Em entrevista para o Uruá-Tapera, Sonck avaliou que a discussão costuma limitar-se ao rito do licenciamento ambiental, enquanto os impactos sociais e a capacidade de participação das comunidades são tratados como apêndice. Para ela, “um dos maiores desafios em termos de licenciamentos e concessões no Brasil é legitimar que o licenciamento social também é relevante”. A especialista observa que projetos desse porte alteram dinâmicas territoriais, formas de vida e padrões de ocupação do solo, exigindo diagnóstico prévio e debate consistente com os diretamente afetados.

Ao descrever o que significa movimentar um empreendimento bilionário sem CLPI, Sonck aponta riscos combinados: ambientais, sociais e institucionais. Ela lista ameaças associadas ao acesso facilitado a áreas preservadas, com possibilidade de invasões e intensificação de ilícitos, e consequências sociais agudas durante o período de obras. “Obras desse porte alteram a dinâmica de vida das populações que recebem esses projetos. Desde o acesso a áreas altamente preservadas e a possibilidade de invasões a terras e parques que conservam a biodiversidade, como por exemplo a possibilidade de queimadas, extrações ilegais ou até mesmo acesso de garimpeiros a novas áreas, até questões sociais mais graves como a prostituição infantil, de mulheres indígenas, o aumento do abuso sexual e tráfico durante o período de obras”, afirmou.

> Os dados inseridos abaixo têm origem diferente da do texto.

lemma abs_set_integral_Icc_le:
  fixes h :: "real \<Rightarrow> real"
  assumes "a \<le> b" "\<And>s. s \<in> {a..b} \<Longrightarrow> \<bar>h s\<bar> \<le> B"
  shows "\<bar>LINT s:{a..b}|lborel. h s\<bar> \<le> (b - a) * B"
proof -
  have "integrable lborel (\<lambda>s. indicator {a..b} s * B)"
    using assms(1) by (intro integrable_mult_left integrable_real_indicator) auto
  then have "\<bar>LINT s:{a..b}|lborel. h s\<bar> \<le> (LINT s|lborel. indicator {a..b} s * B)"
    unfolding set_lebesgue_integral_def
    by (rule abs_integral_le_integral_bound) (simp add: assms(2) indicator_def)
  also have "\<dots> = (b - a) * B"
    using assms(1) by simp
  finally show ?thesis .
qed

lemma abs_L12_norm_diff_le:
  fixes g h :: "'a::euclidean_space \<Rightarrow> real"
  assumes "integrable lborel (\<lambda>v. g v * (1 + (norm v)\<^sup>2))"
    and "integrable lborel (\<lambda>v. h v * (1 + (norm v)\<^sup>2))"
  shows "\<bar>L12_norm g - L12_norm h\<bar> \<le> (LINT v|lborel. \<bar>g v - h v\<bar> * (1 + (norm v)\<^sup>2))"
proof -
  have "integrable lborel (\<lambda>v. (g v - h v) * (1 + (norm v)\<^sup>2))"
    using Bochner_Integration.integrable_diff[OF assms] by (simp add: left_diff_distrib)
  then have "integrable lborel (\<lambda>v. \<bar>g v - h v\<bar> * (1 + (norm v)\<^sup>2))"
    by (rule integrable_abs_mult_weight)
  then have "\<bar>LINT v|lborel. \<bar>g v\<bar> * (1 + (norm v)\<^sup>2) - \<bar>h v\<bar> * (1 + (norm v)\<^sup>2)\<bar>
      \<le> (LINT v|lborel. \<bar>g v - h v\<bar> * (1 + (norm v)\<^sup>2))"
  proof (rule abs_integral_le_integral_bound)
    fix v :: 'a
    have "\<bar>\<bar>g v\<bar> - \<bar>h v\<bar>\<bar> * (1 + (norm v)\<^sup>2) \<le> \<bar>g v - h v\<bar> * (1 + (norm v)\<^sup>2)"
      by (intro mult_right_mono abs_triangle_ineq3) simp
    then show "\<bar>\<bar>g v\<bar> * (1 + (norm v)\<^sup>2) - \<bar>h v\<bar> * (1 + (norm v)\<^sup>2)\<bar> \<le> \<bar>g v - h v\<bar> * (1 + (norm v)\<^sup>2)"
      by (simp add: abs_mult flip: left_diff_distrib)
  qed
  then show ?thesis
    unfolding L12_norm_def
    using assms by (simp add: integrable_abs_mult_weight)
qed

lemma solution_L12_norm_continuous:
  assumes "is_solution \<alpha> f0 f"
  shows "continuous_on {0..} (\<lambda>t. L12_norm (f t))"
  unfolding continuous_on_def
proof
  fix t0 :: real
  assume "t0 \<in> {0..}"
  let ?D = "\<lambda>t. LINT v|lborel. \<bar>f t v - f t0 v\<bar> * (1 + (norm v)\<^sup>2)"
  have D: "(?D \<longlongrightarrow> 0) (at t0 within {0..})"
    using assms \<open>t0 \<in> {0..}\<close> unfolding is_solution_def by simp
  have "\<forall>\<^sub>F t in at t0 within {0..}. norm (L12_norm (f t) - L12_norm (f t0)) \<le> ?D t"
    using assms \<open>t0 \<in> {0..}\<close> unfolding is_solution_def
    by (auto simp: eventually_at_filter intro!: always_eventually abs_L12_norm_diff_le)
  then have "((\<lambda>t. L12_norm (f t) - L12_norm (f t0)) \<longlongrightarrow> 0) (at t0 within {0..})"
    using D by (rule Lim_null_comparison)
  then show "((\<lambda>t. L12_norm (f t)) \<longlongrightarrow> L12_norm (f t0)) (at t0 within {0..})"
    by (rule LIM_zero_cancel)
qed

lemma solution_L12_norm_bounded:
  assumes "is_solution \<alpha> f0 f" "0 \<le> t"
  obtains K where "\<And>s. s \<in> {0..t} \<Longrightarrow> L12_norm (f s) \<le> K"
proof -
  have "continuous_on {0..t} (\<lambda>s. L12_norm (f s))"
    using solution_L12_norm_continuous[OF assms(1)] by (rule continuous_on_subset) auto
  then have "bounded ((\<lambda>s. L12_norm (f s)) ` {0..t})"
    by (intro compact_imp_bounded compact_continuous_image) auto
  then show ?thesis
    using that unfolding bounded_real by (meson abs_le_D1 image_eqI)
qed

lemma solution_cutoff_mass_ge:
  assumes "is_solution \<alpha> f0 f" "\<bar>1 + \<alpha>\<bar> \<le> 2" "0 \<le> t" "0 < R"
    and K: "\<And>s. s \<in> {0..t} \<Longrightarrow> L12_norm (f s) \<le> K"
  shows "(LINT v|lborel. f0 v * cutoff R v) - t * (18 * measure lborel (ball (0::vel) 1) * K\<^sup>2) / R
    \<le> (LINT v|lborel. f t v * cutoff R v)"
proof -
  define c where "c = 18 * measure lborel (ball (0::vel) 1) / R"
  have "0 \<le> c"
    unfolding c_def using assms(4) by simp
  have "\<bar>Q_weak \<alpha> (f s) (cutoff R)\<bar> \<le> c * K\<^sup>2" if "s \<in> {0..t}" for s
  proof -
    have "\<bar>Q_weak \<alpha> (f s) (cutoff R)\<bar> \<le> c * (L12_norm (f s))\<^sup>2"
      unfolding c_def using assms(1) that
      by (intro abs_Q_weak_cutoff_le assms(2,4)) (auto simp: is_solution_def)
    also have "\<dots> \<le> c * K\<^sup>2"
      using \<open>0 \<le> c\<close> K[OF that] L12_norm_nonneg by (intro mult_left_mono power_mono) auto
    finally show ?thesis .
  qed
  then have "\<bar>LINT s:{0..t}|lborel. Q_weak \<alpha> (f s) (cutoff R)\<bar> \<le> (t - 0) * (c * K\<^sup>2)"
    using assms(3) by (intro abs_set_integral_Icc_le)
  moreover have "(LINT v|lborel. f t v * cutoff R v) =
      (LINT v|lborel. f0 v * cutoff R v) + (LINT s:{0..t}|lborel. Q_weak \<alpha> (f s) (cutoff R))"
    using assms(1,3) test_fun_cutoff unfolding is_solution_def by blast
  ultimately show ?thesis
    unfolding c_def by (simp add: field_simps)
qed

lemma integral_mult_cutoff_ge:
  fixes g :: "'a::euclidean_space \<Rightarrow> real"
  assumes "\<And>v. 0 \<le> g v" "integrable lborel (\<lambda>v. g v * (1 + (norm v)\<^sup>2))" "0 \<le> R"
  shows "(LINT v|lborel. g v) - (LINT v|lborel. g v * (1 + (norm v)\<^sup>2)) / (1 + R\<^sup>2)
    \<le> (LINT v|lborel. g v * cutoff R v)"
proof -
  have g_int: "integrable lborel g"
    using integrable_mult_weight_bounded[OF assms(2), of "\<lambda>_. 1"] by simp
  have "integrable lborel (\<lambda>v. g v * cutoff R v)"
    using assms(2) by (rule integrable_mult_weight_bounded)
      (auto intro: order_trans[OF cutoff_le_one] simp: cutoff_nonneg)
  moreover have "g v - g v * (1 + (norm v)\<^sup>2) / (1 + R\<^sup>2) \<le> g v * cutoff R v" for v
  proof (cases "norm v \<le> R")
    case True
    then show ?thesis
      using assms(1)[of v] by (simp add: cutoff_eq_one)
  next
    case False
    then have "1 + R\<^sup>2 \<le> 1 + (norm v)\<^sup>2"
      using assms(3) by (simp add: power_mono)
    then have "g v \<le> g v * (1 + (norm v)\<^sup>2) / (1 + R\<^sup>2)"
      using assms(1)[of v] by (simp add: le_divide_eq add_pos_nonneg mult_left_mono)
    then show ?thesis
      using mult_nonneg_nonneg[OF assms(1) cutoff_nonneg, of v R v] by linarith
  qed
  ultimately have "(LINT v|lborel. g v - g v * (1 + (norm v)\<^sup>2) / (1 + R\<^sup>2))
      \<le> (LINT v|lborel. g v * cutoff R v)"
    using g_int assms(2) by (intro integral_mono) auto
  then show ?thesis
    using g_int assms(2) by simp
qed

lemma AE_eq_0_if_second_moment_eq_0:
  fixes g :: "'a::euclidean_space \<Rightarrow> real"
  assumes "AE v in lborel. 0 \<le> g v" "integrable lborel (\<lambda>v. g v * (norm v)\<^sup>2)"
    and "(LINT v|lborel. g v * (norm v)\<^sup>2) = 0"
  shows "AE v in lborel. g v = 0"
proof -
  have "AE v in lborel. g v * (norm v)\<^sup>2 = 0"
    using assms by (subst integral_nonneg_eq_0_iff_AE[symmetric]) auto
  with AE_lborel_singleton[of 0] show ?thesis
    by eventually_elim simp
qed

lemma solution_not_AE_zero:
  assumes "is_solution \<alpha> f0 f" "\<bar>1 + \<alpha>\<bar> \<le> 2" "0 \<le> t"
    and "\<And>v. 0 \<le> f0 v" "integrable lborel (\<lambda>v. f0 v * (1 + (norm v)\<^sup>2))"
    and "0 < (LINT v|lborel. f0 v)"
  shows "\<not> (AE v in lborel. f t v = 0)"
proof
  assume "AE v in lborel. f t v = 0"
  then have vanish: "(LINT v|lborel. f t v * cutoff R v) = 0" for R
    by (intro integral_eq_zero_AE) auto
  obtain K where K: "\<And>s. s \<in> {0..t} \<Longrightarrow> L12_norm (f s) \<le> K"
    using solution_L12_norm_bounded[OF assms(1,3)] by blast
  define A where "A = (LINT v|lborel. f0 v * (1 + (norm v)\<^sup>2))"
  define C where "C = t * (18 * measure lborel (ball (0::vel) 1) * K\<^sup>2)"
  have "((\<lambda>R. A / (1 + R\<^sup>2) + C / R) \<longlongrightarrow> 0) at_top"
  proof (intro tendsto_add_zero tendsto_divide_0[OF tendsto_const])
    show "filterlim (\<lambda>R::real. R) at_infinity at_top"
      by (rule filterlim_at_top_imp_at_infinity[OF filterlim_ident])
    show "filterlim (\<lambda>R::real. 1 + R\<^sup>2) at_infinity at_top"
      by (intro filterlim_at_top_imp_at_infinity filterlim_tendsto_add_at_top[OF tendsto_const]
          filterlim_pow_at_top filterlim_ident) simp
  qed
  then have "\<forall>\<^sub>F R in at_top. A / (1 + R\<^sup>2) + C / R < (LINT v|lborel. f0 v)"
    using assms(6) by (rule order_tendstoD(2))
  moreover have "\<forall>\<^sub>F R in at_top. (0::real) < R"
    by (rule eventually_gt_at_top)
  ultimately obtain R where "0 < R" "A / (1 + R\<^sup>2) + C / R < (LINT v|lborel. f0 v)"
    by (metis (mono_tags, lifting) eventually_at_top_linorder eventually_conj order_refl)
  moreover have "(LINT v|lborel. f0 v) - A / (1 + R\<^sup>2) \<le> (LINT v|lborel. f0 v * cutoff R v)"
    unfolding A_def using assms(4,5) \<open>0 < R\<close> by (intro integral_mult_cutoff_ge) auto
  moreover have "(LINT v|lborel. f0 v * cutoff R v) - C / R \<le> (LINT v|lborel. f t v * cutoff R v)"
    unfolding C_def using assms(1-3) \<open>0 < R\<close> K by (rule solution_cutoff_mass_ge)
  ultimately show False
    using vanish[of R] by linarith
qed

lemma cooling_time_eq_infinity:
  assumes "\<And>t. 0 \<le> t \<Longrightarrow> energy f t \<noteq> 0"
  shows "cooling_time f = \<infinity>"
proof -
  have "\<not> (\<forall>t>T. energy f t = 0)" if "0 \<le> T" for T
    using assms[of "T + 1"] that by (auto intro!: exI[of _ "T + 1"])
  then have no_cooling: "{ereal T | T. T \<ge> 0 \<and> (\<forall>t>T. energy f t = 0)} = {}"
    by blast
  show ?thesis
    unfolding cooling_time_def no_cooling by (simp add: top_ereal_def)
qed

theorem corollary1p2:
  fixes \<alpha> s :: real and f0 :: "vel \<Rightarrow> real" and f :: "real \<Rightarrow> vel \<Rightarrow> real"
  assumes "0 < \<alpha>" and "\<alpha> \<le> 1"
    and "\<forall>v. f0 v \<ge> 0"
    and "integrable lborel (\<lambda>v. f0 v * (1 + (norm v)\<^sup>2))"
    and "(LINT v|lborel. f0 v) = 1"
    and "(LINT v|lborel. f0 v *\<^sub>R v) = 0"
    and "(LINT v|lborel. f0 v * (norm v)\<^sup>2) = 1"
    and "s > 2" and "in_Linf_weighted s f0"
    and "is_solution \<alpha> f0 f"
  shows "cooling_time f = \<infinity>"
proof (rule cooling_time_eq_infinity)
  \<comment> \<open>Only the mass of f0 matters.\<close>
  fix t :: real
  assume "0 \<le> t"
  then have nonneg: "AE v in lborel. 0 \<le> f t v"
    and weighted: "integrable lborel (\<lambda>v. f t v * (1 + (norm v)\<^sup>2))"
    using assms(10) unfolding is_solution_def by blast+
  have "\<not> (AE v in lborel. f t v = 0)"
    using assms(1-5,10) \<open>0 \<le> t\<close> by (intro solution_not_AE_zero) auto
  moreover have "integrable lborel (\<lambda>v. f t v * (norm v)\<^sup>2)"
    using weighted by (rule integrable_mult_weight_bounded) auto
  ultimately show "energy f t \<noteq> 0"
    using nonneg AE_eq_0_if_second_moment_eq_0 unfolding energy_def by blast
qed

end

A leitura é que a ausência de consulta não apenas amplia danos potenciais, como também eleva o risco econômico dos próprios empreendimentos, ao multiplicar passivos, reações sociais e judicializações. Na prática, o que se vende como “agilidade” pode terminar em insegurança jurídica e paralisação, cenário já visto em sucessivos projetos na Amazônia.
O debate sobre a Ferrogrão se soma a um histórico de conflitos no setor mineral. Os dados reunidos no material que embasa a análise apontam 823 ocorrências de conflitos na mineração em 2020, atingindo mais de 1,08 milhão de pessoas; em 2022, foram 932 ocorrências, com cerca de 688 mil pessoas afetadas, em disputas frequentemente relacionadas a terra e água. Para Sonck, os números ajudam a dimensionar o custo real de decisões tomadas sem participação e sem governança territorial.
Na avaliação da especialista, o padrão se repete em outro front sensível: a Margem Equatorial, com a autorização concedida pelo Ibama à Petrobras para perfuração no bloco FZA-M-59, na Foz do Amazonas. Organizações indígenas, quilombolas e ambientais denunciam a ausência de instrumentos específicos, como Estudo de Componente Indígena (ECI) e Estudo de Componente Quilombola (ECQ), e a falta de consulta às populações locais, apesar de ações judiciais movidas pelo Ministério Público Federal e por entidades como Apib, Coiab, Conaq, Confrem, Greenpeace, Instituto Arayara, Observatório do Clima e WWF-Brasil.
Sobre o caso da perfuração de petróleo pela Petrobras na Foz do Amazonas revelar o mesmo padrão observado na Ferrogrão, Sonck respondeu: “o descaso com a licença social e a consulta prévia é recorrente em casos como esses evidenciam uma fragilidade de governança. Enquanto esses grandes intervenientes seguirem desconsiderando as populações impactadas , ou incluí-los mas sem poder de veto, seguiremos com decisões que priorizam apenas o aspecto do crescimento econômico ao invés de um desenvolvimento sustentável e de longo prazo”.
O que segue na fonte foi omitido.